Segment Start: DATASET

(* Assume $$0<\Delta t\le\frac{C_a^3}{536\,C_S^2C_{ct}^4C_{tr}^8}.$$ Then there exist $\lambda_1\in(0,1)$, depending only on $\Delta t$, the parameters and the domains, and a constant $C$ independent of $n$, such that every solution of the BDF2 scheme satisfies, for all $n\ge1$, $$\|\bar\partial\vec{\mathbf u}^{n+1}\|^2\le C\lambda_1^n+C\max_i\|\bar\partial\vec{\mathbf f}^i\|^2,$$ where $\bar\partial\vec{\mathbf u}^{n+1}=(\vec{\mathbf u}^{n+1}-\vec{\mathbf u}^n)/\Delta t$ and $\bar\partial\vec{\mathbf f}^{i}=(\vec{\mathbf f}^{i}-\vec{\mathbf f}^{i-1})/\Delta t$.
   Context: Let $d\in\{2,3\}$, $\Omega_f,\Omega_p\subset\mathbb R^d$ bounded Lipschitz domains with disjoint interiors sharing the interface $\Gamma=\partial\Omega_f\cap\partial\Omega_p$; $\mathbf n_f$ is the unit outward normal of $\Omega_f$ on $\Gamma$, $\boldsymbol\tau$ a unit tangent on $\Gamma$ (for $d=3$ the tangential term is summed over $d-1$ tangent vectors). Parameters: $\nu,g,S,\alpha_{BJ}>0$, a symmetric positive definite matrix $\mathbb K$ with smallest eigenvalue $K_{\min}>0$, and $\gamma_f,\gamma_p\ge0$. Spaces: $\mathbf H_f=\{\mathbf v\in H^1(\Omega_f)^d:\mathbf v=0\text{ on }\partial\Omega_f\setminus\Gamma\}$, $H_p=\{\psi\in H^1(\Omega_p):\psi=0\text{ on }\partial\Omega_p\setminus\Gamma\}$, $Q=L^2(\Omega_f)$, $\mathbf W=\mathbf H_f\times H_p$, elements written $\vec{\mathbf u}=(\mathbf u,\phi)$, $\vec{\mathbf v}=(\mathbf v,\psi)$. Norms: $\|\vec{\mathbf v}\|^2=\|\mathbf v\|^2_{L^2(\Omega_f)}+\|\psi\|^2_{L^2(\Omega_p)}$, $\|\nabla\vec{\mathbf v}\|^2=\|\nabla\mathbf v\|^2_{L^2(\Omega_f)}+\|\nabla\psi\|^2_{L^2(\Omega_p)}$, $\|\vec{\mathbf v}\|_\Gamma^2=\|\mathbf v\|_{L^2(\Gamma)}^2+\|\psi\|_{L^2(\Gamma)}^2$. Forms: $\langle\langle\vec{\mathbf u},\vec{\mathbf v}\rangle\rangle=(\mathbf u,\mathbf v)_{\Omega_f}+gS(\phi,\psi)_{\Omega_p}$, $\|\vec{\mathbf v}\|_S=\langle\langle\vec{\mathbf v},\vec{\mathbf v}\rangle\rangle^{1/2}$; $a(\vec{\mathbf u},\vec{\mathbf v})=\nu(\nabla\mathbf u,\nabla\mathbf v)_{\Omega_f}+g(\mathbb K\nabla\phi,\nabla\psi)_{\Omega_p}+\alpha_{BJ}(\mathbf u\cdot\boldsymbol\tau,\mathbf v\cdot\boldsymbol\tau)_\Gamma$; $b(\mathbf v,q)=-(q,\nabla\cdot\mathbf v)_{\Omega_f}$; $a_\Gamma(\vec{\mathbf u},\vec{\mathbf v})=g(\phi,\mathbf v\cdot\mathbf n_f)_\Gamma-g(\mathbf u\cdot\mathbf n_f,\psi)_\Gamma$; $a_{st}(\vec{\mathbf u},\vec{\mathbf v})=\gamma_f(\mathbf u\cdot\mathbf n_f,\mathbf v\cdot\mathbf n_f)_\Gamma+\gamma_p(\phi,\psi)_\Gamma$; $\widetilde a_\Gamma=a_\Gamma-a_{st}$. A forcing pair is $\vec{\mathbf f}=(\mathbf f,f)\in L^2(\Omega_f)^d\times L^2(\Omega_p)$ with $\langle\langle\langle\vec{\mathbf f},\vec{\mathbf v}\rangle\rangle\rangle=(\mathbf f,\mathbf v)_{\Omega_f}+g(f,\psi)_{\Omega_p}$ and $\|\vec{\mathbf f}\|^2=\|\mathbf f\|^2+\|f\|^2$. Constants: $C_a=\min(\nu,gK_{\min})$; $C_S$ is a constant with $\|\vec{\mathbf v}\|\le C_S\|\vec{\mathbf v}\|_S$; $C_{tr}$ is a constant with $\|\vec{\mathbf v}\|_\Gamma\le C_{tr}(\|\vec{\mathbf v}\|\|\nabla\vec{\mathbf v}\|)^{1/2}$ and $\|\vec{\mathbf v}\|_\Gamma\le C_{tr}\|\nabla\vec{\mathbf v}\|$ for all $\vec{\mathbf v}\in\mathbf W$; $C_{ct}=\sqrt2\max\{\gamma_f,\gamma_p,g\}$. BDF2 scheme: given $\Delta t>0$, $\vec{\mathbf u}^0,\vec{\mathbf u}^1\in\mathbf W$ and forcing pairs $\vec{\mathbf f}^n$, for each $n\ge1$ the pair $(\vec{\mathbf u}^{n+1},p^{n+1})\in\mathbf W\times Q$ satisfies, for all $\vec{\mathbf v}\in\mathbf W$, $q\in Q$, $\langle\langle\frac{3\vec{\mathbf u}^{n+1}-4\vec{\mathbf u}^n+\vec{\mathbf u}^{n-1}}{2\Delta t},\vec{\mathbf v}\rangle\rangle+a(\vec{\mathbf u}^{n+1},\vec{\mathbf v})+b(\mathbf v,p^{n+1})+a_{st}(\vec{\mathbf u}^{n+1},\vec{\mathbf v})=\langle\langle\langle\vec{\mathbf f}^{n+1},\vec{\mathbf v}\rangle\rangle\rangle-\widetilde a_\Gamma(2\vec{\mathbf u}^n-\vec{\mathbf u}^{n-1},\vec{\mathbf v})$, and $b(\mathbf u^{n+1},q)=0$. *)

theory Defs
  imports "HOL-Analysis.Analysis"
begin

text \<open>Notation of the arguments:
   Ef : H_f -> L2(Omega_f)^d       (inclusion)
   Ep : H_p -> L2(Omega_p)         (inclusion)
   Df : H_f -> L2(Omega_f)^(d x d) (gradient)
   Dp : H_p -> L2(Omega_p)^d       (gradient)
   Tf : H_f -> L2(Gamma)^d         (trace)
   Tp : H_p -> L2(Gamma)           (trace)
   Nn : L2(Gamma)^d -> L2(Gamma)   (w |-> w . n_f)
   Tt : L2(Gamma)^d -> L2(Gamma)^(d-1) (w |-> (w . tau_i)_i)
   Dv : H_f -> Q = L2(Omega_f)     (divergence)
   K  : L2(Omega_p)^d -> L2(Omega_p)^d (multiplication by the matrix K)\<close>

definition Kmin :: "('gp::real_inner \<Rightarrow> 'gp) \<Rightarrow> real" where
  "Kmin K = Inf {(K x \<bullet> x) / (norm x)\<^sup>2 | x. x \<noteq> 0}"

Segment End: DATASET
Segment Start: DATASET

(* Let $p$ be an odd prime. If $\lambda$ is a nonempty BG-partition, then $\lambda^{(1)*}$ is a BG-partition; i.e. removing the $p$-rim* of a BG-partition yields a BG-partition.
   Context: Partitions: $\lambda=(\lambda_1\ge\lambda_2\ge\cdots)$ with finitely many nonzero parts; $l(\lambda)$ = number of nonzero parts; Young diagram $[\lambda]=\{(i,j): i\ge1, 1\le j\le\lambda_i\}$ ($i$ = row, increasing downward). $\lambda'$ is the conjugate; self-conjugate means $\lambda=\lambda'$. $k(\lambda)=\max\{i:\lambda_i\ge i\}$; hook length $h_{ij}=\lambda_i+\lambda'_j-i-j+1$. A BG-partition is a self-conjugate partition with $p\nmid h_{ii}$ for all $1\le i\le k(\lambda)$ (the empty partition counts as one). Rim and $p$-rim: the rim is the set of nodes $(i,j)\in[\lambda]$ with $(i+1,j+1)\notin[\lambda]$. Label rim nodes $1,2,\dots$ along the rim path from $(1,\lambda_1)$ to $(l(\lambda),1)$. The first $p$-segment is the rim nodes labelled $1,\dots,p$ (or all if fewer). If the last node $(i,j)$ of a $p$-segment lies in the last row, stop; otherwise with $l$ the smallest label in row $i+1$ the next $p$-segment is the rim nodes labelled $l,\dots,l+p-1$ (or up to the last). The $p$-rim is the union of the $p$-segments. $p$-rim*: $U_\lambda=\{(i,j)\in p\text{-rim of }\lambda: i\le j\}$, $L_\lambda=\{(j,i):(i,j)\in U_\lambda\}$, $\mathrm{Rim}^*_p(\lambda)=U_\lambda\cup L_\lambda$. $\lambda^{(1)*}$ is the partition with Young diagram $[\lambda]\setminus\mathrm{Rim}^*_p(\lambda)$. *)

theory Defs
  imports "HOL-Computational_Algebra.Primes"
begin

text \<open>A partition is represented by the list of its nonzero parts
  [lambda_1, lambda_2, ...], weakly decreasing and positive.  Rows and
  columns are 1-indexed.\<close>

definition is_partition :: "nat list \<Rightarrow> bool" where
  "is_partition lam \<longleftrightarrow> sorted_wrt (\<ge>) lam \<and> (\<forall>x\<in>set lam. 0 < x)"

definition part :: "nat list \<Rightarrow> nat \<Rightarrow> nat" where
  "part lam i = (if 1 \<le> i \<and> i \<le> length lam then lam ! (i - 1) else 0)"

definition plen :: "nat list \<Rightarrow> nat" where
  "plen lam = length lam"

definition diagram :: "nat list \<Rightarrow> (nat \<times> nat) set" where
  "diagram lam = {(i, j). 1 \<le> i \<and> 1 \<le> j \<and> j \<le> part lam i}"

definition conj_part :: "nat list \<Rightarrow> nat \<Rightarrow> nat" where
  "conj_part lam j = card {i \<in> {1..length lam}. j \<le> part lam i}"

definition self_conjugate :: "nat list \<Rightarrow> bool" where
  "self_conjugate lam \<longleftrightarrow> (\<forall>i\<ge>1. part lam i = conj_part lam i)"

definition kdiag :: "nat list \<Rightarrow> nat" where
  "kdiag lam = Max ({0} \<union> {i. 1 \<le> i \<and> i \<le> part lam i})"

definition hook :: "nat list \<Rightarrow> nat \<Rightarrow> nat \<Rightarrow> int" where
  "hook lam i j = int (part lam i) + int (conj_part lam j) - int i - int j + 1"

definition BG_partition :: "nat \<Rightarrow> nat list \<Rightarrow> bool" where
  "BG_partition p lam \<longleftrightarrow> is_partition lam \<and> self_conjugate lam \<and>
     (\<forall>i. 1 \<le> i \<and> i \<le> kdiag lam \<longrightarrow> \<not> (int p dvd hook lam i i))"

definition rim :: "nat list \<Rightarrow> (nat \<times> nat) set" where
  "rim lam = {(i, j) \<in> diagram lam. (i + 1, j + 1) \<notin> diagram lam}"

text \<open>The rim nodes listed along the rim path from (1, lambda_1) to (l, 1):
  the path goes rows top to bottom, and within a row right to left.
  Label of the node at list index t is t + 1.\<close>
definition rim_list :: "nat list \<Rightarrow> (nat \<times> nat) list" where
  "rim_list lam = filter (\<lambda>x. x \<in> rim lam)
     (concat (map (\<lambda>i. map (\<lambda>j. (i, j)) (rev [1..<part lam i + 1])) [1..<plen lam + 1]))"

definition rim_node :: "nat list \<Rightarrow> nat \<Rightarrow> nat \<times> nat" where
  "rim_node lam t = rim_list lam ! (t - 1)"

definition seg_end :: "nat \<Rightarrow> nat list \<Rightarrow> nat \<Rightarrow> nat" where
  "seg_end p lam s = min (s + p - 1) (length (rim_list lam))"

Segment End: DATASET

• ASSIGNMENT:
For this exercise, please output exactly the lines above starting at the line with "Label of the" and ending at the line with "- 1) (length", ends included.

• RESULT OF THE TASK:
  Label of the node at list index t is t + 1.\<close>
definition rim_list :: "nat list \<Rightarrow> (nat \<times> nat) list" where
  "rim_list lam = filter (\<lambda>x. x \<in> rim lam)
     (concat (map (\<lambda>i. map (\<lambda>j. (i, j)) (rev [1..<part lam i + 1])) [1..<plen lam + 1]))"

definition rim_node :: "nat list \<Rightarrow> nat \<Rightarrow> nat \<times> nat" where
  "rim_node lam t = rim_list lam ! (t - 1)"

definition seg_end :: "nat \<Rightarrow> nat list \<Rightarrow> nat \<Rightarrow> nat" where
  "seg_end p lam s = min (s + p - 1) (length (rim_list lam))"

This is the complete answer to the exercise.